What follows is a set of records; give them all back exactly.
(Beginning of RECORDS FOR THIS TASK)
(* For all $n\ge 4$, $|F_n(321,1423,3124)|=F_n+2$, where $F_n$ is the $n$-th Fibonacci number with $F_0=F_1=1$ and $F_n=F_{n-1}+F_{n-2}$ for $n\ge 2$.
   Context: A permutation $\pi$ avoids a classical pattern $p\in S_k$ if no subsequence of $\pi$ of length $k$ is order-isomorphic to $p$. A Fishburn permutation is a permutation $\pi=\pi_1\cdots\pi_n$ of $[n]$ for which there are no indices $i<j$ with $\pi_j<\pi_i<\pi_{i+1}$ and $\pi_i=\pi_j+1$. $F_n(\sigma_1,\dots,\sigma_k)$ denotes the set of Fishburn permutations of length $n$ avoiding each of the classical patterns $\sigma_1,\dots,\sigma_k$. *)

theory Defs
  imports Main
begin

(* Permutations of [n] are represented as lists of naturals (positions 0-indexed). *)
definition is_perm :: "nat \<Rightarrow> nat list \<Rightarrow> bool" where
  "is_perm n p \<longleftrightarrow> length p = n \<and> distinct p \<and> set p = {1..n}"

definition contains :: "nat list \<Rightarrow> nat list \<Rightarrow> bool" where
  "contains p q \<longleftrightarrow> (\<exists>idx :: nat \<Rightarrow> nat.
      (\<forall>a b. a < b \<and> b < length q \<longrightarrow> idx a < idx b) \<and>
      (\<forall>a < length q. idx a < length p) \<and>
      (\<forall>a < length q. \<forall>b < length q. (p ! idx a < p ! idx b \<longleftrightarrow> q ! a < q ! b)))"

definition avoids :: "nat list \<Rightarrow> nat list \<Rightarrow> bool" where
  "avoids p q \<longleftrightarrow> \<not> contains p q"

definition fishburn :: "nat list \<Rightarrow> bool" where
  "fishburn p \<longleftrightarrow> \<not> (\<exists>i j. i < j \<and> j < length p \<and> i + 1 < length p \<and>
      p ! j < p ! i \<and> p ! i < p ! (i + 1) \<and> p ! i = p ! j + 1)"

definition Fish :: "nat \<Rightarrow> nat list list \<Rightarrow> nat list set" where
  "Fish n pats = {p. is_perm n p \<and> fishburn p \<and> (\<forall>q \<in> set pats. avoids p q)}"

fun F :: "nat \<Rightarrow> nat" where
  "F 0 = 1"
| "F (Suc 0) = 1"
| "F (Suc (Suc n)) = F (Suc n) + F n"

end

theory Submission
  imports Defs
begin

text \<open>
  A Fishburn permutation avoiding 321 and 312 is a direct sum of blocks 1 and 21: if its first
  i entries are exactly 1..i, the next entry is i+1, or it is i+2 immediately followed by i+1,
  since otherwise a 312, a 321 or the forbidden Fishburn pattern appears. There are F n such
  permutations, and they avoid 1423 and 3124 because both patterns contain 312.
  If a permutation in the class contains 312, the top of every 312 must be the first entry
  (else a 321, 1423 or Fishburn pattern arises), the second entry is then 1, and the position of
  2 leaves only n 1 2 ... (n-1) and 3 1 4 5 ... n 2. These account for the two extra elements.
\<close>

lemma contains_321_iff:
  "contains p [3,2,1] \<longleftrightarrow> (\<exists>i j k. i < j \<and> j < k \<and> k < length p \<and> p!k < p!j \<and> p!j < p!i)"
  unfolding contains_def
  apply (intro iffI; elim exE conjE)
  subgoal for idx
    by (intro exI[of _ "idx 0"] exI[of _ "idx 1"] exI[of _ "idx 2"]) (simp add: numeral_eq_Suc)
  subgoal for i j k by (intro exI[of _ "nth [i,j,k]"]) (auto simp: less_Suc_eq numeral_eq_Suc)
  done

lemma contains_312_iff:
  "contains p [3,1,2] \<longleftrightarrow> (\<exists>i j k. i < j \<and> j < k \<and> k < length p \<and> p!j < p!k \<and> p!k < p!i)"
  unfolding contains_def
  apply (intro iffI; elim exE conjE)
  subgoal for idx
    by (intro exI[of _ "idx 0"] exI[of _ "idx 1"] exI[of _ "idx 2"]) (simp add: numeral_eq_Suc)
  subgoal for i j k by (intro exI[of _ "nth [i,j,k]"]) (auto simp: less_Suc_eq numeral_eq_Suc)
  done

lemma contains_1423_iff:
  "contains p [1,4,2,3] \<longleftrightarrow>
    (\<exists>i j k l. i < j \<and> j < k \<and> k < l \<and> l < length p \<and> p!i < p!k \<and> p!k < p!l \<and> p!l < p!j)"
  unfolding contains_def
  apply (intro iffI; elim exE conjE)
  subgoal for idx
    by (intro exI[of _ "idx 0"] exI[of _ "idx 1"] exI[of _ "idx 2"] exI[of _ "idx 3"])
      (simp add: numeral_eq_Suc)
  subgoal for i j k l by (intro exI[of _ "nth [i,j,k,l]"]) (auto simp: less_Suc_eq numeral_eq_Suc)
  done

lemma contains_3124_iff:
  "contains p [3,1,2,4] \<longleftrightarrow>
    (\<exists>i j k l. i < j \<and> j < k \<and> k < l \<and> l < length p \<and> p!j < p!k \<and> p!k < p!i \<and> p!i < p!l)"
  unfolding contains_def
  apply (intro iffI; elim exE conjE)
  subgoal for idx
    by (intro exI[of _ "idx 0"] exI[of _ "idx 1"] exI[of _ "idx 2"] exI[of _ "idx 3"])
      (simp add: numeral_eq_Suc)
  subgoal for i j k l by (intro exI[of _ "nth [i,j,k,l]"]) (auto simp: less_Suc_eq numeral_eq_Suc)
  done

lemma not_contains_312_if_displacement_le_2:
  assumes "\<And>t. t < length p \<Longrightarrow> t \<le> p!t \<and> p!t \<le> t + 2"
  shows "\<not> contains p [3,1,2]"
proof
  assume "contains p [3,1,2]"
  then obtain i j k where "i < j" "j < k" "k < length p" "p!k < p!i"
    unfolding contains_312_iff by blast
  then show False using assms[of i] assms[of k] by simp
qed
(End of RECORDS FOR THIS TASK)
- _WRITTEN RESPONSE_
(* For all $n\ge 4$, $|F_n(321,1423,3124)|=F_n+2$, where $F_n$ is the $n$-th Fibonacci number with $F_0=F_1=1$ and $F_n=F_{n-1}+F_{n-2}$ for $n\ge 2$.
   Context: A permutation $\pi$ avoids a classical pattern $p\in S_k$ if no subsequence of $\pi$ of length $k$ is order-isomorphic to $p$. A Fishburn permutation is a permutation $\pi=\pi_1\cdots\pi_n$ of $[n]$ for which there are no indices $i<j$ with $\pi_j<\pi_i<\pi_{i+1}$ and $\pi_i=\pi_j+1$. $F_n(\sigma_1,\dots,\sigma_k)$ denotes the set of Fishburn permutations of length $n$ avoiding each of the classical patterns $\sigma_1,\dots,\sigma_k$. *)

theory Defs
  imports Main
begin

(* Permutations of [n] are represented as lists of naturals (positions 0-indexed). *)
definition is_perm :: "nat \<Rightarrow> nat list \<Rightarrow> bool" where
  "is_perm n p \<longleftrightarrow> length p = n \<and> distinct p \<and> set p = {1..n}"

definition contains :: "nat list \<Rightarrow> nat list \<Rightarrow> bool" where
  "contains p q \<longleftrightarrow> (\<exists>idx :: nat \<Rightarrow> nat.
      (\<forall>a b. a < b \<and> b < length q \<longrightarrow> idx a < idx b) \<and>
      (\<forall>a < length q. idx a < length p) \<and>
      (\<forall>a < length q. \<forall>b < length q. (p ! idx a < p ! idx b \<longleftrightarrow> q ! a < q ! b)))"

definition avoids :: "nat list \<Rightarrow> nat list \<Rightarrow> bool" where
  "avoids p q \<longleftrightarrow> \<not> contains p q"

definition fishburn :: "nat list \<Rightarrow> bool" where
  "fishburn p \<longleftrightarrow> \<not> (\<exists>i j. i < j \<and> j < length p \<and> i + 1 < length p \<and>
      p ! j < p ! i \<and> p ! i < p ! (i + 1) \<and> p ! i = p ! j + 1)"

definition Fish :: "nat \<Rightarrow> nat list list \<Rightarrow> nat list set" where
  "Fish n pats = {p. is_perm n p \<and> fishburn p \<and> (\<forall>q \<in> set pats. avoids p q)}"

fun F :: "nat \<Rightarrow> nat" where
  "F 0 = 1"
| "F (Suc 0) = 1"
| "F (Suc (Suc n)) = F (Suc n) + F n"

end

theory Submission
  imports Defs
begin

text \<open>
  A Fishburn permutation avoiding 321 and 312 is a direct sum of blocks 1 and 21: if its first
  i entries are exactly 1..i, the next entry is i+1, or it is i+2 immediately followed by i+1,
  since otherwise a 312, a 321 or the forbidden Fishburn pattern appears. There are F n such
  permutations, and they avoid 1423 and 3124 because both patterns contain 312.
  If a permutation in the class contains 312, the top of every 312 must be the first entry
  (else a 321, 1423 or Fishburn pattern arises), the second entry is then 1, and the position of
  2 leaves only n 1 2 ... (n-1) and 3 1 4 5 ... n 2. These account for the two extra elements.
\<close>

lemma contains_321_iff:
  "contains p [3,2,1] \<longleftrightarrow> (\<exists>i j k. i < j \<and> j < k \<and> k < length p \<and> p!k < p!j \<and> p!j < p!i)"
  unfolding contains_def
  apply (intro iffI; elim exE conjE)
  subgoal for idx
    by (intro exI[of _ "idx 0"] exI[of _ "idx 1"] exI[of _ "idx 2"]) (simp add: numeral_eq_Suc)
  subgoal for i j k by (intro exI[of _ "nth [i,j,k]"]) (auto simp: less_Suc_eq numeral_eq_Suc)
  done

lemma contains_312_iff:
  "contains p [3,1,2] \<longleftrightarrow> (\<exists>i j k. i < j \<and> j < k \<and> k < length p \<and> p!j < p!k \<and> p!k < p!i)"
  unfolding contains_def
  apply (intro iffI; elim exE conjE)
  subgoal for idx
    by (intro exI[of _ "idx 0"] exI[of _ "idx 1"] exI[of _ "idx 2"]) (simp add: numeral_eq_Suc)
  subgoal for i j k by (intro exI[of _ "nth [i,j,k]"]) (auto simp: less_Suc_eq numeral_eq_Suc)
  done

lemma contains_1423_iff:
  "contains p [1,4,2,3] \<longleftrightarrow>
    (\<exists>i j k l. i < j \<and> j < k \<and> k < l \<and> l < length p \<and> p!i < p!k \<and> p!k < p!l \<and> p!l < p!j)"
  unfolding contains_def
  apply (intro iffI; elim exE conjE)
  subgoal for idx
    by (intro exI[of _ "idx 0"] exI[of _ "idx 1"] exI[of _ "idx 2"] exI[of _ "idx 3"])
      (simp add: numeral_eq_Suc)
  subgoal for i j k l by (intro exI[of _ "nth [i,j,k,l]"]) (auto simp: less_Suc_eq numeral_eq_Suc)
  done

lemma contains_3124_iff:
  "contains p [3,1,2,4] \<longleftrightarrow>
    (\<exists>i j k l. i < j \<and> j < k \<and> k < l \<and> l < length p \<and> p!j < p!k \<and> p!k < p!i \<and> p!i < p!l)"
  unfolding contains_def
  apply (intro iffI; elim exE conjE)
  subgoal for idx
    by (intro exI[of _ "idx 0"] exI[of _ "idx 1"] exI[of _ "idx 2"] exI[of _ "idx 3"])
      (simp add: numeral_eq_Suc)
  subgoal for i j k l by (intro exI[of _ "nth [i,j,k,l]"]) (auto simp: less_Suc_eq numeral_eq_Suc)
  done

lemma not_contains_312_if_displacement_le_2:
  assumes "\<And>t. t < length p \<Longrightarrow> t \<le> p!t \<and> p!t \<le> t + 2"
  shows "\<not> contains p [3,1,2]"
proof
  assume "contains p [3,1,2]"
  then obtain i j k where "i < j" "j < k" "k < length p" "p!k < p!i"
    unfolding contains_312_iff by blast
  then show False using assms[of i] assms[of k] by simp
qed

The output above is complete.